Continuing his recent spate of bizarre pronouncements, Zell Miller calls for repeal of the 17th Amendment, as apparently the direct election of senators is the primary cause for the domination of special interests in Washington these days. Well, the principle of federalism aside, it’s hard to take seriously any such special interest prescription from a guy like Zell, who’s gone so far out of his way to prostrate himself before Dubya and his cadre of corporate cronies. Sorry Zell…it’s Miller time no longer.
“Popular culture usually comes to an end very quickly. It gets thrown into the grave. I wanted to do something that stood alongside Rembrandt’s paintings.” Via reader Jeff some time ago, Bob Dylan opens up about his songwriting process.
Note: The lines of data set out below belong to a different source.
text \<open>For a function \<open>f\<close> of the distance \<open>l\<close> from \<open>x0\<close>: of the \<open>n(q - 1)\<close> neighbours of a point
  at distance \<open>l\<close>, \<open>l\<close> are at distance \<open>l - 1\<close>, \<open>l(q-2)\<close> at distance \<open>l\<close> and \<open>(n-l)(q-1)\<close> at
  distance \<open>l + 1\<close>.\<close>
definition radial_neighbour_sum :: "nat \<Rightarrow> nat \<Rightarrow> (real \<Rightarrow> real) \<Rightarrow> real \<Rightarrow> real" where
  "radial_neighbour_sum q n f l =
     l * f (l - 1) + l * (real q - 2) * f l + (real n - l) * (real q - 1) * f (l + 1)"

lemma sum_neighbours_radial:
  assumes x: "x \<in> Xn q n"
  shows "(\<Sum>i<n. \<Sum>v\<in>{..<q}-{x i}. f (real (hdist n x0 (x(i := v)))))
       = radial_neighbour_sum q n f (real (hdist n x0 x))"
proof -
  define l where "l = real (hdist n x0 x)"
  define \<alpha> where "\<alpha> = f (l - 1) + (real q - 2) * f l"
  define \<beta> where "\<beta> = (real q - 1) * f (l + 1)"
  have inner: "(\<Sum>v\<in>{..<q}-{x i}. f (real (hdist n x0 (x(i := v))))) = (if x i \<noteq> 0 then \<alpha> else \<beta>)"
    if i: "i < n" for i
  proof (cases "x i = 0")
    case True
    have "q \<ge> 1"
      using x i by (auto simp: Xn_def)
    have "(\<Sum>v\<in>{..<q}-{x i}. f (real (hdist n x0 (x(i := v))))) = (\<Sum>v\<in>{..<q}-{0}. f (l + 1))"
      by (rule sum.cong) (auto simp: l_def hdist_x0_fun_upd[OF i] True)
    also have "\<dots> = \<beta>"
      using \<open>q \<ge> 1\<close> by (simp add: \<beta>_def of_nat_diff)
    finally show ?thesis
      using True by simp
  next
    case False
    have "x i < q"
      using x i by (simp add: Xn_def)
    have split: "{..<q}-{x i} = insert 0 ({..<q}-{0, x i})"
      using False \<open>x i < q\<close> by auto
    have "real (card ({..<q}-{0, x i})) = real q - 2"
      using False \<open>x i < q\<close> by (subst card_Diff_subset) (auto simp: of_nat_diff)
    then have "(\<Sum>v\<in>{..<q}-{0, x i}. f l) = (real q - 2) * f l"
      by simp
    moreover have "(\<Sum>v\<in>{..<q}-{x i}. f (real (hdist n x0 (x(i := v)))))
        = f (l - 1) + (\<Sum>v\<in>{..<q}-{0, x i}. f l)"
      unfolding split
      by (subst sum.insert) (auto intro!: sum.cong simp: l_def hdist_x0_fun_upd[OF i] False)
    ultimately show ?thesis
      using False by (simp add: \<alpha>_def)
  qed
  have "(\<Sum>i<n. \<Sum>v\<in>{..<q}-{x i}. f (real (hdist n x0 (x(i := v)))))
      = (\<Sum>i<n. \<beta> + (if x i \<noteq> 0 then \<alpha> - \<beta> else 0))"
    by (rule sum.cong) (auto simp: inner)
  also have "\<dots> = real n * \<beta> + (\<Sum>i\<in>{i\<in>{..<n}. x i \<noteq> 0}. \<alpha> - \<beta>)"
    by (simp only: sum.distrib sum.inter_filter[OF finite_lessThan]) simp
  also have "{i\<in>{..<n}. x i \<noteq> 0} = {i\<in>{0..<n}. x i \<noteq> 0}"
    by auto
  also have "real n * \<beta> + (\<Sum>i\<in>\<dots>. \<alpha> - \<beta>) = radial_neighbour_sum q n f l"
    by (simp add: hdist_x0_eq_card l_def \<alpha>_def \<beta>_def radial_neighbour_sum_def algebra_simps)
  finally show ?thesis
    unfolding l_def .
qed

lemma radial_neighbour_sum_const:
  "radial_neighbour_sum q n (\<lambda>_. c) l = (real q - 1) * real n * c"
  by (simp add: radial_neighbour_sum_def algebra_simps)

lemma radial_neighbour_sum_sum:
  "radial_neighbour_sum q n (\<lambda>y. \<Sum>r\<in>A. c r * g r y) l = (\<Sum>r\<in>A. c r * radial_neighbour_sum q n (g r) l)"
  by (simp add: radial_neighbour_sum_def sum_distrib_left sum.distrib[symmetric] algebra_simps)

subsection \<open>Krawtchouk polynomials\<close>

lemma pochhammer_neg_pred:
  fixes x :: "'a :: comm_ring_1"
  shows "x * pochhammer (- (x - 1)) r = - pochhammer (- x) (Suc r)"
  by (simp add: pochhammer_rec algebra_simps)

lemma pochhammer_neg_succ_Suc:
  fixes x :: "'a :: comm_ring_1"
  shows "pochhammer (- (x + 1)) (Suc s) = pochhammer (- x) (Suc s) - of_nat (Suc s) * pochhammer (- x) s"
proof -
  have "pochhammer (- (x + 1)) (Suc s) = (- x - 1) * pochhammer (- x) s"
    by (subst pochhammer_rec) (simp add: algebra_simps)
  then show ?thesis
    by (simp add: pochhammer_Suc algebra_simps)
qed

lemma radial_neighbour_sum_pochhammer_Suc:
  "radial_neighbour_sum q n (\<lambda>y. pochhammer (- y) (Suc s)) l
   = ((real q - 1) * real n - real q * (real s + 1)) * pochhammer (- l) (Suc s)
     + (real q - 1) * (real s + 1) * (real s - real n) * pochhammer (- l) s"
proof -
  have "l * pochhammer (- l) (Suc s) = (real s + 1) * pochhammer (- l) (Suc s) - pochhammer (- l) (Suc (Suc s))"
   and "l * pochhammer (- l) s = real s * pochhammer (- l) s - pochhammer (- l) (Suc s)"
    by (simp_all add: pochhammer_Suc algebra_simps)
  then show ?thesis
    unfolding radial_neighbour_sum_def pochhammer_neg_succ_Suc pochhammer_neg_pred of_nat_Suc
    by algebra
qed

definition krawtchouk_coeff :: "nat \<Rightarrow> nat \<Rightarrow> nat \<Rightarrow> nat \<Rightarrow> real" where
  "krawtchouk_coeff q n j r =
     pochhammer (- real j) r / (pochhammer (- real n) r * fact r) * (real q / (real q - 1)) ^ r"

lemma krawtchouk_coeff_Suc:
  assumes "s < j" "j \<le> n" "q \<ge> 2"
  shows "krawtchouk_coeff q n j (Suc s) * ((real q - 1) * (real s + 1) * (real s - real n))
       = - krawtchouk_coeff q n j s * real q * (real j - real s)"
proof -
  define p where "p = real q / (real q - 1)"
  have "pochhammer (- real n) s \<noteq> 0"
    using assms by (auto simp: pochhammer_eq_0_iff)
  moreover have "real s - real n \<noteq> 0"
    using assms by auto
  moreover have "real s + 1 \<noteq> 0"
    by linarith
  ultimately have "krawtchouk_coeff q n j (Suc s)
      = krawtchouk_coeff q n j s * ((real s - real j) * p / ((real s - real n) * (real s + 1)))"
    unfolding krawtchouk_coeff_def p_def[symmetric]
    by (simp add: pochhammer_Suc fact_Suc power_Suc field_simps)
  then have ratio: "krawtchouk_coeff q n j (Suc s) * ((real s - real n) * (real s + 1))
      = krawtchouk_coeff q n j s * (real s - real j) * p"
    using \<open>real s - real n \<noteq> 0\<close> \<open>real s + 1 \<noteq> 0\<close> by simp
  have "krawtchouk_coeff q n j (Suc s) * ((real q - 1) * (real s + 1) * (real s - real n))
      = krawtchouk_coeff q n j (Suc s) * ((real s - real n) * (real s + 1)) * (real q - 1)"
    by (simp only: mult_ac)
  also have "\<dots> = krawtchouk_coeff q n j s * (real s - real j) * (p * (real q - 1))"
    by (simp only: ratio mult.assoc)
  also have "p * (real q - 1) = real q"
    using assms by (simp add: p_def)
  finally show ?thesis
    by (simp add: algebra_simps)
qed

definition krawtchouk :: "nat \<Rightarrow> nat \<Rightarrow> nat \<Rightarrow> real \<Rightarrow> real" where
  "krawtchouk q n j l = (\<Sum>r\<le>j. krawtchouk_coeff q n j r * pochhammer (- l) r)"

text \<open>The difference equation: the sum maps \<open>(-l)\<^sub>r\<close> to a combination of \<open>(-l)\<^sub>r\<close> and
  \<open>(-l)\<^sub>r\<^sub>-\<^sub>1\<close>, and the recursion of the coefficients makes the error terms telescope.\<close>
lemma radial_neighbour_sum_krawtchouk:
  assumes "j \<le> n" "q \<ge> 2"
  shows "radial_neighbour_sum q n (krawtchouk q n j) l
       = ((real q - 1) * real n - real j * real q) * krawtchouk q n j l"
proof -
  define c where "c = krawtchouk_coeff q n j"
  define A where "A r = pochhammer (- l) r" for r
  define \<theta> where "\<theta> = (real q - 1) * real n - real j * real q"
  define T where "T r = radial_neighbour_sum q n (\<lambda>y. pochhammer (- y) r) l - \<theta> * A r" for r
  define D where "D r = c r * real q * (real j - real r) * A r" for r
  have T_Suc: "c (Suc s) * T (Suc s) = D (Suc s) - D s" if "s < j" for s
  proof -
    have "c (Suc s) * T (Suc s) = D (Suc s)
        + c (Suc s) * ((real q - 1) * (real s + 1) * (real s - real n)) * A s"
      unfolding T_def radial_neighbour_sum_pochhammer_Suc by (simp add: D_def A_def \<theta>_def algebra_simps)
    then show ?thesis
      unfolding c_def krawtchouk_coeff_Suc[OF that assms] by (simp add: D_def c_def)
  qed
  have "radial_neighbour_sum q n (krawtchouk q n j) l - \<theta> * krawtchouk q n j l = (\<Sum>r\<le>j. c r * T r)"
    unfolding krawtchouk_def radial_neighbour_sum_sum
    by (simp add: T_def A_def c_def sum_distrib_left sum_subtractf algebra_simps)
  also have "\<dots> = D j"
  proof (cases j)
    case 0
    then show ?thesis
      by (simp add: T_def D_def A_def c_def \<theta>_def radial_neighbour_sum_const krawtchouk_coeff_def)
  next
    case (Suc m)
    have "c 0 * T 0 = D 0"
      by (simp add: T_def D_def A_def c_def \<theta>_def radial_neighbour_sum_const krawtchouk_coeff_def)
    moreover have "(\<Sum>s<j. c (Suc s) * T (Suc s)) = (\<Sum>s<j. D (Suc s) - D s)"
      by (rule sum.cong) (simp_all add: T_Suc)
    moreover have "(\<Sum>r\<le>j. c r * T r) = c 0 * T 0 + (\<Sum>s<j. c (Suc s) * T (Suc s))"
      unfolding Suc sum.atMost_Suc_shift lessThan_Suc_atMost ..
    ultimately show ?thesis
      by (simp add: sum_lessThan_telescope)
  qed
  also have "D j = 0"
    by (simp add: D_def)
  finally show ?thesis
    by (simp add: \<theta>_def)
qed

lemma phi_eq_krawtchouk: "phi q n j y = krawtchouk q n j (real (hdist n x0 y))"
  unfolding phi_def krawtchouk_def krawtchouk_coeff_def Let_def atLeast0AtMost
  by (rule sum.cong) (auto simp: mult_ac)

subsection \<open>Eigenfunctions of the walk\<close>

lemma sum_trans_p_phi:
  assumes "x \<in> Xn q n" "j \<le> n" "n \<ge> 1" "q \<ge> 2"
  shows "(\<Sum>y\<in>Xn q n. trans_p q n x y * phi q n j y)
       = (1 - real j * real q / (real n * (real q - 1))) * phi q n j x"
proof -
  have "real n * (real q - 1) \<noteq> 0"
    using assms by simp
  then show ?thesis
    unfolding sum_trans_p[OF assms(1)] phi_eq_krawtchouk sum_neighbours_radial[OF assms(1)]
      radial_neighbour_sum_krawtchouk[OF assms(2,4)]
    by (simp add: field_simps)
qed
So, despite my earlier wishful thinking, the Knicks stunk up the joint, getting swept in the playoffs and being completely exposed as the one-dimensional squad they are by the high-flying New Jersey Nets. Sigh. Well, hopefully Isiah Thomas will be able to somehow coax a quality free agent to the Garden this summer, as I’m not feeling too good about rooting for Allan Houston’s banged-up knees and Tim Thomas’s incredible disappearing game for the next few years. But, in happier sports news, at least the Yankees are terrible…
Flush with the success of the Kill Bills, Quentin Tarantino now threatens to make The Vega Brothers (being John Travolta of Pulp Fiction and Michael Madsen of Reservoir Dogs.) Hmm. I was hoping his next project would be something a little more focused and less derivative of his previous work, after all the cool-guy posturing that afflicted Kill Bill.
Evil unseen alien forces threatening rustic Americana…let’s hope they can handle water this time. Yep, it’s the trailer for the new M. Night Shyamalan movie. With Sigourney Weaver, Adrien Brody, Brendan Gleeson, and a strange period vibe to it, I’d normally be quite enthused about The Village. But Signs was so lousy and self-absorbed that the bloom is off the Shyamalan rose, and this looks to me like more of the same. Plus, William Hurt has been phoning it in now for at least a decade, and he usually means the kiss of death for a film these days.
Hey, even thespians have to pay the bills. Kenneth Branagh is apparently joining Mission Impossible 3 (presumably as a villain), with Tom Cruise and Carrie-Anne Moss. Meanwhile, over at a more interesting project. Ben Kingsley takes on Fagin in Roman Polanski’s upcoming version of Oliver Twist. Update: Scarlett Johansson also climbs aboard MI:3.